Ishi first made headlines on Aug. 29, 1911, when butchers found him outside a slaughterhouse near Oroville. Initially, he was jailed by the Butte County sheriff. But two Berkeley anthropologists, Alfred Kroeber and Thomas Talbot Waterman, befriended Ishi and gave him shelter at the campus's anthropology museum, then in San Francisco.

Kroeber's wife, the author of "Ishi in Two Worlds," wrote that Ishi was "the last wild Indian in North America, a man of Stone Age culture."

The anthropologists pronounced Ishi a Yahi because he spoke Yahi and was found near Yahi territory. They also considered him the last Yahi, said Shackley, since "the only Yahi left in the hinterlands were believed to have been exterminated by Indian killers brought in by whites."

Furthermore, they believed Ishi was the last Indian to have lived in the wild. Massacres, starvation and disease had taken the lives of countless Indians in Northern California during the mid- to late-1800s. Many others had been forced into reservations.

In 1908, surveyors did spot four Indians in Yahi territory. But in 1909, Waterman and two guides failed to find the group.
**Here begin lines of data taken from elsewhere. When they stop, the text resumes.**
text \<open>A Riemann-sum form of \<open>g 0 + c/2 \<le> \<integral>\<^sub>0\<^sup>1 g\<close>: along the segment only subgradient
  inequalities are available, not differentiability.\<close>

lemma subgradient_growth_bound:
  fixes \<phi> g :: "real \<Rightarrow> real" and c :: real
  assumes sub: "\<And>s t. s \<in> {0..1} \<Longrightarrow> t \<in> {0..1} \<Longrightarrow> \<phi> t + (s - t) * g t \<le> \<phi> s"
    and growth: "\<And>t. t \<in> {0..1} \<Longrightarrow> g 0 + c * t \<le> g t"
  shows "g 0 + c / 2 \<le> \<phi> 1 - \<phi> 0"
proof (rule le_of_le_minus_div_nat)
  fix n :: nat assume "1 \<le> n"
  then have n: "0 < real n" by simp
  have riemann: "real j / n * g 0 + c * (real j * (real j - 1)) / (2 * n\<^sup>2) \<le> \<phi> (real j / n) - \<phi> 0"
    if "j \<le> n" for j
    using that
  proof (induction j)
    case (Suc j)
    have t: "real j / n \<in> {0..1}" "real (Suc j) / n \<in> {0..1}" using Suc.prems n by auto
    have h: "real (Suc j) / n - real j / n = 1 / n" using n by (simp add: field_simps)
    have "1 / n * (g 0 + c * (real j / n)) \<le> 1 / n * g (real j / n)"
      using growth[OF t(1)] n by (intro mult_left_mono) auto
    moreover have "\<phi> (real j / n) + 1 / n * g (real j / n) \<le> \<phi> (real (Suc j) / n)"
      using sub[OF t(2) t(1)] unfolding h by simp
    moreover have "real j / n * g 0 + c * (real j * (real j - 1)) / (2 * n\<^sup>2) + 1 / n * (g 0 + c * (real j / n))
        = real (Suc j) / n * g 0 + c * (real (Suc j) * (real (Suc j) - 1)) / (2 * n\<^sup>2)"
      using n by (simp add: field_simps power2_eq_square)
    ultimately show ?case using Suc by linarith
  qed simp
  have "g 0 + c * (real n * (real n - 1)) / (2 * n\<^sup>2) \<le> \<phi> 1 - \<phi> 0"
    using riemann[of n] n by simp
  moreover have "c * (real n * (real n - 1)) / (2 * n\<^sup>2) = c / 2 - c / 2 / real n"
    using n by (simp add: field_simps power2_eq_square)
  ultimately show "g 0 + c / 2 - c / 2 / real n \<le> \<phi> 1 - \<phi> 0" by linarith
qed

lemma dgfD:
  assumes "dgf X N \<alpha> \<omega> dw"
  shows "0 < \<alpha>" "convex_on X \<omega>" "continuous_on X \<omega>" "convex (dom_sub X \<omega>)" "dom_sub X \<omega> \<subseteq> X"
    "\<And>x z. x \<in> dom_sub X \<omega> \<Longrightarrow> z \<in> X \<Longrightarrow> \<omega> x + inner (dw x) (z - x) \<le> \<omega> z"
    "\<And>x x'. x \<in> dom_sub X \<omega> \<Longrightarrow> x' \<in> dom_sub X \<omega> \<Longrightarrow> \<alpha> * (N (x' - x))\<^sup>2 \<le> inner (dw x' - dw x) (x' - x)"
  using assms unfolding dgf_def dom_sub_def subdiff_def by auto

lemma bregman_ge_sq_norm_dom_sub:
  fixes N :: "'a::euclidean_space \<Rightarrow> real"
  assumes norm: "is_norm N" and dgf: "dgf X N \<alpha> \<omega> dw"
    and x: "x \<in> dom_sub X \<omega>" and z: "z \<in> dom_sub X \<omega>"
  shows "\<alpha> / 2 * (N (z - x))\<^sup>2 \<le> bregman \<omega> dw x z"
proof -
  note D = dgfD[OF dgf]
  define d where "d = z - x"
  define p where "p t = x + t *\<^sub>R d" for t
  have p_dom: "p t \<in> dom_sub X \<omega>" if "t \<in> {0..1}" for t
  proof -
    have "p t = (1 - t) *\<^sub>R x + t *\<^sub>R z" by (simp add: p_def d_def algebra_simps)
    then show ?thesis using that D(4) x z by (simp add: convex_alt)
  qed
  have "inner (dw (p 0)) d + \<alpha> * (N d)\<^sup>2 / 2 \<le> \<omega> (p 1) - \<omega> (p 0)"
  proof (rule subgradient_growth_bound)
    fix s t :: real assume "s \<in> {0..1}" "t \<in> {0..1}"
    then show "\<omega> (p t) + (s - t) * inner (dw (p t)) d \<le> \<omega> (p s)"
      using D(6)[OF p_dom, of t "p s"] D(5) p_dom by (auto simp: p_def algebra_simps)
  next
    fix t :: real assume t: "t \<in> {0..1}"
    have "\<alpha> * (N (t *\<^sub>R d))\<^sup>2 \<le> inner (dw (p t) - dw (p 0)) (t *\<^sub>R d)"
      using D(7)[OF p_dom p_dom, of 0 t] t by (simp add: p_def)
    then have "t * (\<alpha> * (N d)\<^sup>2 * t) \<le> t * inner (dw (p t) - dw (p 0)) d"
      using t by (simp add: is_norm_scaleR[OF norm] power2_eq_square algebra_simps)
    then have "\<alpha> * (N d)\<^sup>2 * t \<le> inner (dw (p t) - dw (p 0)) d" if "0 < t"
      using that by simp
    then show "inner (dw (p 0)) d + \<alpha> * (N d)\<^sup>2 * t \<le> inner (dw (p t)) d"
      using t by (cases "t = 0") (auto simp: inner_diff_left)
  qed
  then show ?thesis by (simp add: p_def d_def bregman_def)
qed

lemma continuous_attains_inf_quadratic_growth:
  fixes f :: "'a::euclidean_space \<Rightarrow> real"
  assumes "closed X" and z0: "z0 \<in> X" and f: "continuous_on X f" and "0 < a"
    and growth: "\<And>z. z \<in> X \<Longrightarrow> a * (norm (z - z0))\<^sup>2 - b * norm (z - z0) - B \<le> f z - f z0"
  obtains z where "z \<in> X" "\<And>y. y \<in> X \<Longrightarrow> f z \<le> f y"
proof -
  define R where "R = (\<bar>b\<bar> + \<bar>B\<bar>) / a + 1"
  have far: "f z0 < f y" if y: "y \<in> X" "R < norm (y - z0)" for y
  proof -
    define r where "r = norm (y - z0)"
    have "(\<bar>b\<bar> + \<bar>B\<bar>) / a + 1 < r" using y by (simp add: r_def R_def)
    moreover have "0 \<le> (\<bar>b\<bar> + \<bar>B\<bar>) / a" using \<open>0 < a\<close> by simp
    ultimately have "1 \<le> r" "(\<bar>b\<bar> + \<bar>B\<bar>) / a < r" by linarith+
    then have "1 \<le> r" "\<bar>b\<bar> + \<bar>B\<bar> < a * r"
      using \<open>0 < a\<close> by (simp_all add: pos_divide_less_eq mult.commute)
    then have "(\<bar>b\<bar> + \<bar>B\<bar>) * r < (a * r) * r" by (intro mult_strict_right_mono) auto
    moreover have "b * r \<le> \<bar>b\<bar> * r" "\<bar>B\<bar> * 1 \<le> \<bar>B\<bar> * r"
      using \<open>1 \<le> r\<close> by (intro mult_right_mono mult_left_mono; simp)+
    ultimately have "b * r + B < a * r\<^sup>2" by (simp add: power2_eq_square algebra_simps)
    then show ?thesis using growth[OF y(1)] by (simp add: r_def)
  qed
  have "compact (X \<inter> cball z0 R)" by (intro closed_Int_compact \<open>closed X\<close> compact_cball)
  moreover have "z0 \<in> X \<inter> cball z0 R" using z0 \<open>0 < a\<close> by (simp add: R_def)
  ultimately obtain z where z: "z \<in> X \<inter> cball z0 R" and min: "\<And>y. y \<in> X \<inter> cball z0 R \<Longrightarrow> f z \<le> f y"
    using continuous_attains_inf[OF _ _ continuous_on_subset[OF f inf_le1]] by blast
  have "f z \<le> f y" if "y \<in> X" for y
  proof (cases "y \<in> cball z0 R")
    case False
    then have "f z0 < f y" using far[OF that] by (simp add: dist_norm norm_minus_commute)
    then show ?thesis using min \<open>z0 \<in> X \<inter> cball z0 R\<close> by fastforce
  qed (use min that in blast)
  with z that show thesis by blast
qed

lemma subgradient_at_argmin_plus_sq_dist:
  fixes f :: "'a::real_inner \<Rightarrow> real"
  assumes "convex X" "convex_on X f" "0 < \<epsilon>" and z: "z \<in> X"
    and min: "\<And>y. y \<in> X \<Longrightarrow> f z + (norm (z - w))\<^sup>2 / (2 * \<epsilon>) \<le> f y + (norm (y - w))\<^sup>2 / (2 * \<epsilon>)"
  shows "(1 / \<epsilon>) *\<^sub>R (w - z) \<in> subdiff X f z"
  unfolding subdiff_def
proof (intro CollectI ballI)
  fix y assume y: "y \<in> X"
  define S where "S = inner (z - w) (y - z)"
  define Q where "Q = (norm (y - z))\<^sup>2"
  show "f z + inner ((1 / \<epsilon>) *\<^sub>R (w - z)) (y - z) \<le> f y"
  proof (rule le_of_le_minus_div_nat)
    fix n :: nat assume "1 \<le> n"
    define t where "t = 1 / real n"
    have t: "0 < t" "t \<le> 1" using \<open>1 \<le> n\<close> by (auto simp: t_def)
    have zt: "z + t *\<^sub>R (y - z) \<in> X"
      using convexD_alt[OF \<open>convex X\<close> z y, of t] t by (simp add: algebra_simps)
    have "f (z + t *\<^sub>R (y - z)) \<le> (1 - t) * f z + t * f y"
      using convex_onD[OF \<open>convex_on X f\<close>, of t z y] z y t by (simp add: algebra_simps)
    moreover have "(norm (z + t *\<^sub>R (y - z) - w))\<^sup>2 = (norm (z - w))\<^sup>2 + 2 * t * S + t\<^sup>2 * Q"
      unfolding S_def Q_def power2_norm_eq_inner
      by (simp add: inner_diff_right inner_commute
          power2_eq_square algebra_simps)
    ultimately have "f z \<le> (1 - t) * f z + t * f y + (2 * t * S + t\<^sup>2 * Q) / (2 * \<epsilon>)"
      using min[OF zt] by (simp add: add_divide_distrib)
    then have "t * (2 * \<epsilon> * f z) \<le> t * (2 * \<epsilon> * f y + 2 * S + t * Q)"
      using \<open>0 < \<epsilon>\<close> by (simp add: field_simps power2_eq_square)
    then have "2 * \<epsilon> * f z \<le> 2 * \<epsilon> * f y + 2 * S + t * Q" using t by simp
    then have "f z \<le> f y + S / \<epsilon> + (Q / (2 * \<epsilon>)) / real n"
      using \<open>0 < \<epsilon>\<close> by (simp add: t_def field_simps)
    moreover have "inner ((1 / \<epsilon>) *\<^sub>R (w - z)) (y - z) = - (S / \<epsilon>)"
      by (simp add: S_def inner_diff_left diff_divide_distrib)
    ultimately show "f z + inner ((1 / \<epsilon>) *\<^sub>R (w - z)) (y - z) - (Q / (2 * \<epsilon>)) / real n \<le> f y"
      by linarith
  qed
qed
(* Let $(E,\mathcal{D},\rho)$ be a U-matroid and let $a\in E$ with $\{a\}\notin\mathcal{D}$. Then $(E,\mathcal{D}[a],\rho_a)$ is a U-matroid (and hence a lattice extension of $(E,\mathcal{D},\rho)$), where $\rho_a$ is the generous atom extension of $\rho$ to $\mathcal{D}[a]$.
   Context: An accessible distributive lattice on a finite set $E$ is a family $\mathcal{D}\subseteq 2^E$ containing $\emptyset$ and $E$, closed under union and intersection, such that every nonempty $A\in\mathcal{D}$ contains some $x$ with $A\setminus\{x\}\in\mathcal{D}$. A U-matroid is a triple $(E,\mathcal{D},\rho)$ with $\mathcal{D}$ an accessible distributive lattice and $\rho:\mathcal{D}\to\mathbb{N}$ satisfying $\rho(\emptyset)=0$; $\rho(A)\le\rho(B)$ whenever $A\subseteq B$; $\rho(A)+\rho(B)\ge\rho(A\cup B)+\rho(A\cap B)$; and $\rho(A\cup\{e\})-\rho(A)\le1$ whenever $A,A\cup\{e\}\in\mathcal{D}$. For $S\subseteq E$, $\sup_\mathcal{D}(S)=\bigcap\{B\in\mathcal{D}:B\supseteq S\}$. For $a\in E$ with $\{a\}\notin\mathcal{D}$, let $\mathcal{D}[a]=\mathcal{D}\cup\{S\cup\{a\}:S\in\mathcal{D}\}$. The generous atom extension $\rho_a:\mathcal{D}[a]\to\mathbb{N}$ is: $\rho_a(S)=\rho(S)$ if $S\in\mathcal{D}$; if $S\notin\mathcal{D}$ (so $S\setminus\{a\}\in\mathcal{D}$), $\rho_a(S)=\rho(S\setminus\{a\})$ when $\rho(S\setminus\{a\})=\rho(\sup_\mathcal{D}(S))$, and $\rho_a(S)=\rho(S\setminus\{a\})+1$ when $\rho(S\setminus\{a\})<\rho(\sup_\mathcal{D}(S))$. A lattice extension of $(E,\mathcal{D},\rho)$ is a U-matroid $(E,\mathcal{D}',\rho')$ with $\mathcal{D}\subseteq\mathcal{D}'$ and $\rho'|_\mathcal{D}=\rho$. *)

theory Defs
  imports Main
begin

definition accessible_distributive_lattice :: "'a set \<Rightarrow> 'a set set \<Rightarrow> bool" where
  "accessible_distributive_lattice E D \<longleftrightarrow>
     finite E \<and> D \<subseteq> Pow E \<and> {} \<in> D \<and> E \<in> D \<and>
     (\<forall>A\<in>D. \<forall>B\<in>D. A \<union> B \<in> D \<and> A \<inter> B \<in> D) \<and>
     (\<forall>A\<in>D. A \<noteq> {} \<longrightarrow> (\<exists>x\<in>A. A - {x} \<in> D))"

definition U_matroid :: "'a set \<Rightarrow> 'a set set \<Rightarrow> ('a set \<Rightarrow> nat) \<Rightarrow> bool" where
  "U_matroid E D \<rho> \<longleftrightarrow>
     accessible_distributive_lattice E D \<and>
     \<rho> {} = 0 \<and>
     (\<forall>A\<in>D. \<forall>B\<in>D. A \<subseteq> B \<longrightarrow> \<rho> A \<le> \<rho> B) \<and>
     (\<forall>A\<in>D. \<forall>B\<in>D. \<rho> A + \<rho> B \<ge> \<rho> (A \<union> B) + \<rho> (A \<inter> B)) \<and>
     (\<forall>A\<in>D. \<forall>e. A \<union> {e} \<in> D \<longrightarrow> \<rho> (A \<union> {e}) \<le> \<rho> A + 1)"

definition sup_D :: "'a set set \<Rightarrow> 'a set \<Rightarrow> 'a set" where
  "sup_D D S = \<Inter> {B \<in> D. S \<subseteq> B}"

definition lattice_add_atom :: "'a set set \<Rightarrow> 'a \<Rightarrow> 'a set set" where
  "lattice_add_atom D a = D \<union> {S \<union> {a} | S. S \<in> D}"

definition generous_atom_ext :: "'a set set \<Rightarrow> ('a set \<Rightarrow> nat) \<Rightarrow> 'a \<Rightarrow> 'a set \<Rightarrow> nat" where
  "generous_atom_ext D \<rho> a S =
     (if S \<in> D then \<rho> S
      else if \<rho> (S - {a}) = \<rho> (sup_D D S) then \<rho> (S - {a})
      else \<rho> (S - {a}) + 1)"

definition lattice_extension ::
  "'a set \<Rightarrow> 'a set set \<Rightarrow> ('a set \<Rightarrow> nat) \<Rightarrow> 'a set set \<Rightarrow> ('a set \<Rightarrow> nat) \<Rightarrow> bool" where
  "lattice_extension E D \<rho> D' \<rho>' \<longleftrightarrow>
     U_matroid E D' \<rho>' \<and> D \<subseteq> D' \<and> (\<forall>A\<in>D. \<rho>' A = \<rho> A)"

end

(* On D[a] the generous atom extension coincides with

     X |-> min over Y in D of  rho Y + |X - Y|,

   which extends rho (accessibility gives rho (S Un T) <= rho S + |T - S|, adding the elements
   of T - S one at a time) and is a U-matroid rank on every accessible distributive lattice of
   subsets of E: monotonicity and the unit-increase axiom hold termwise, and submodularity
   follows by combining minimisers Y, Z for A, B into Y Un Z and Y Int Z. For X = S + a with
   X not in D, the minimum over the Y containing a is rho (sup X), attained at sup X, and over
   the Y avoiding a it is rho S + 1, attained at S; the generous extension picks the smaller. *)

theory Submission
  imports Defs
begin

definition min_conv_card :: "'a set set \<Rightarrow> ('a set \<Rightarrow> nat) \<Rightarrow> 'a set \<Rightarrow> nat" where
  "min_conv_card D \<rho> X = Min ((\<lambda>Y. \<rho> Y + card (X - Y)) ` D)"
(* Let $\mathbf V$, $\mathbf V'$ be right vector spaces over (not necessarily commutative) fields $K$, $K'$, and let $\varphi:\mathcal P(\mathbf V)\dashrightarrow\mathcal P(\mathbf V')$ be a weak linear mapping such that $\operatorname{im}\varphi$ contains a triangle (three non-collinear points). Assume moreover that every field monomorphism $K\to K'$ is surjective. Then $\varphi$ is a linear mapping.
   Context: The projective space on a right vector space $\mathbf V$ over a skew field $K$ has point set $\mathcal P(\mathbf V)$ = set of one-dimensional subspaces, and lines = sets of points contained in a two-dimensional subspace. $\vee$ denotes join (span) of subspaces; for distinct points $X,Y$, $\{X\}\vee\{Y\}$ is the line through them, with conventions $\emptyset\vee\mathcal S=\mathcal S$ and $\{Z\}\vee\{Z\}=\{Z\}$. A partially defined mapping $\varphi:\mathcal P\dashrightarrow\mathcal P'$ has domain $\operatorname{dom}\varphi$, image set $\operatorname{im}\varphi$, exceptional set $\operatorname{ex}\varphi=\mathcal P\setminus\operatorname{dom}\varphi$; for $\mathcal M\subset\mathcal P$, $\mathcal M^\varphi:=\{X^\varphi:X\in\mathcal M\cap\operatorname{dom}\varphi\}$. $\varphi$ is weak linear if $(\{X\}\vee\{Y\})^\varphi\subset\{X\}^\varphi\vee\{Y\}^\varphi$ for all distinct points $X,Y$. $\varphi$ is linear if (L1) $(\{X\}\vee\{Y\})^\varphi=\{X\}^\varphi\vee\{Y\}^\varphi$ for all distinct points $X,Y$, and (L2) whenever $X^\varphi=Y^\varphi$ for distinct $X,Y\in\operatorname{dom}\varphi$, the line $\{X\}\vee\{Y\}$ contains a point of $\operatorname{ex}\varphi$. *)

theory Defs
  imports Main
begin

definition right_vs :: "('v::ab_group_add \<Rightarrow> 'k::division_ring \<Rightarrow> 'v) \<Rightarrow> bool" where
  "right_vs sm \<longleftrightarrow>
     (\<forall>v. sm v 1 = v) \<and>
     (\<forall>v a b. sm v (a * b) = sm (sm v a) b) \<and>
     (\<forall>v w a. sm (v + w) a = sm v a + sm w a) \<and>
     (\<forall>v a b. sm v (a + b) = sm v a + sm v b)"

definition subspace_r :: "('v::ab_group_add \<Rightarrow> 'k::division_ring \<Rightarrow> 'v) \<Rightarrow> 'v set \<Rightarrow> bool" where
  "subspace_r sm U \<longleftrightarrow> 0 \<in> U \<and> (\<forall>x\<in>U. \<forall>y\<in>U. x + y \<in> U) \<and> (\<forall>x\<in>U. \<forall>a. sm x a \<in> U)"

definition span_r :: "('v::ab_group_add \<Rightarrow> 'k::division_ring \<Rightarrow> 'v) \<Rightarrow> 'v set \<Rightarrow> 'v set" where
  "span_r sm A = \<Inter>{U. subspace_r sm U \<and> A \<subseteq> U}"

definition proj_points :: "('v::ab_group_add \<Rightarrow> 'k::division_ring \<Rightarrow> 'v) \<Rightarrow> 'v set set" where
  "proj_points sm = {span_r sm {v} | v. v \<noteq> 0}"

text \<open>Join of two sets of points: all points contained in the subspace spanned by them.
This gives the line through two distinct points, and the conventions
empty-join-S = S and {Z} join {Z} = {Z}.\<close>
definition pjoin :: "('v::ab_group_add \<Rightarrow> 'k::division_ring \<Rightarrow> 'v) \<Rightarrow> 'v set set \<Rightarrow> 'v set set \<Rightarrow> 'v set set" where
  "pjoin sm S T = {P \<in> proj_points sm. P \<subseteq> span_r sm (\<Union>S \<union> \<Union>T)}"

text \<open>A partially defined map is given by its domain D (a set of points) and
a function f defined on D. Image of a set of points M:\<close>
definition pimg :: "'a set \<Rightarrow> ('a \<Rightarrow> 'b) \<Rightarrow> 'a set \<Rightarrow> 'b set" where
  "pimg D f M = f ` (M \<inter> D)"

definition partial_map ::
  "('v::ab_group_add \<Rightarrow> 'k::division_ring \<Rightarrow> 'v) \<Rightarrow> ('w::ab_group_add \<Rightarrow> 'k2::division_ring \<Rightarrow> 'w)
   \<Rightarrow> 'v set set \<Rightarrow> ('v set \<Rightarrow> 'w set) \<Rightarrow> bool" where
  "partial_map sm sm' D f \<longleftrightarrow> D \<subseteq> proj_points sm \<and> f ` D \<subseteq> proj_points sm'"

definition weak_linear ::
  "('v::ab_group_add \<Rightarrow> 'k::division_ring \<Rightarrow> 'v) \<Rightarrow> ('w::ab_group_add \<Rightarrow> 'k2::division_ring \<Rightarrow> 'w)
   \<Rightarrow> 'v set set \<Rightarrow> ('v set \<Rightarrow> 'w set) \<Rightarrow> bool" where
  "weak_linear sm sm' D f \<longleftrightarrow>
     (\<forall>X\<in>proj_points sm. \<forall>Y\<in>proj_points sm. X \<noteq> Y \<longrightarrow>
        pimg D f (pjoin sm {X} {Y}) \<subseteq> pjoin sm' (pimg D f {X}) (pimg D f {Y}))"

definition linear_map ::
  "('v::ab_group_add \<Rightarrow> 'k::division_ring \<Rightarrow> 'v) \<Rightarrow> ('w::ab_group_add \<Rightarrow> 'k2::division_ring \<Rightarrow> 'w)
   \<Rightarrow> 'v set set \<Rightarrow> ('v set \<Rightarrow> 'w set) \<Rightarrow> bool" where
  "linear_map sm sm' D f \<longleftrightarrow>
     (\<forall>X\<in>proj_points sm. \<forall>Y\<in>proj_points sm. X \<noteq> Y \<longrightarrow>
        pimg D f (pjoin sm {X} {Y}) = pjoin sm' (pimg D f {X}) (pimg D f {Y})) \<and>
     (\<forall>X\<in>D. \<forall>Y\<in>D. X \<noteq> Y \<and> f X = f Y \<longrightarrow>
        (\<exists>Z\<in>pjoin sm {X} {Y}. Z \<in> proj_points sm - D))"

definition triangle :: "('w::ab_group_add \<Rightarrow> 'k2::division_ring \<Rightarrow> 'w) \<Rightarrow> 'w set \<Rightarrow> 'w set \<Rightarrow> 'w set \<Rightarrow> bool" where
  "triangle sm' A B C \<longleftrightarrow> A \<in> proj_points sm' \<and> B \<in> proj_points sm' \<and> C \<in> proj_points sm' \<and>
     A \<noteq> B \<and> C \<notin> pjoin sm' {A} {B}"

definition ring_mono :: "('k::division_ring \<Rightarrow> 'k2::division_ring) \<Rightarrow> bool" where
  "ring_mono g \<longleftrightarrow> inj g \<and> (\<forall>a b. g (a + b) = g a + g b) \<and> (\<forall>a b. g (a * b) = g a * g b) \<and> g 1 = 1"

end

theory Submission
  imports Defs
begin

text \<open>Choose points x, y, z in the domain whose images form a triangle, and representatives
x', y', z' of their images normalised so that x + y and x + z are mapped to the points of
x' + y' and x' + z'. Weak linearity forces the point of x a + y to be mapped to the point of
x' \<sigma>(a) + y' for a unique \<sigma>(a), and computing the images of further points of the plane
spanned by x, y, z in two ways shows that \<sigma> is a field monomorphism K \<rightarrow> K'. By hypothesis
\<sigma> is onto, so every point of the line through f(x) and f(y) is an image of a point of the line
through x and y; this is the equality required of a linear map. If f collapsed a line lying
entirely in the domain to a single point f(x), a point z with f(z) \<noteq> f(x) together with this
surjectivity produces a second image value on that line, a contradiction.\<close>

lemma pimg_singleton: "pimg D f {X} = (if X \<in> D then {f X} else {})" by (auto simp: pimg_def)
Two years later, Ishi, who verified that he had been one of the four, appeared alone near Oroville.

"That Ishi was wearing his hair burned short in sign of mourning in August, 191l, was evidence of a death or deaths in his family," wrote Theodora Kroeber, "but his mourning may well have been a prolonged one."

Under pressure from reporters who wanted to know the stranger's name, Alfred Kroeber called him "Ishi," which means "man" in Yana. Ishi never uttered his real name.

"A California Indian almost never speaks his own name," wrote Kroeber's wife, "using it but rarely with those who already know it, and he would never tell it in reply to a direct question."

Ishi was given a home at UC's anthropology museum--then on the UCSF campus. He lived there for most of the rest of his life, except briefly in 1915, when he lived in Berkeley with Waterman's family.

While at the museum, Ishi often worked on native crafts, such as the arrowpoints Shackley analyzed. By his own choice, he often did these crafts for museum audiences and would give some of his work away.

"The quality of the arrowpoints Ishi made shows he felt good about himself--he was a good craftsman," said Shackley. "This positive self-image helped make Ishi a hell of an adaptive person."

Ishi formed close friendships with Waterman and Kroeber and with Saxton Pope, a teacher at the university's medical school, which was next door to the museum. He also agreed to record linguistic material on the Yahi language for Berkeley.

In December 1914, Ishi developed what doctors felt was tuberculosis. After several hospitalizations, his friends moved him back to the museum to spend his last days. He died there on March 25, 1916.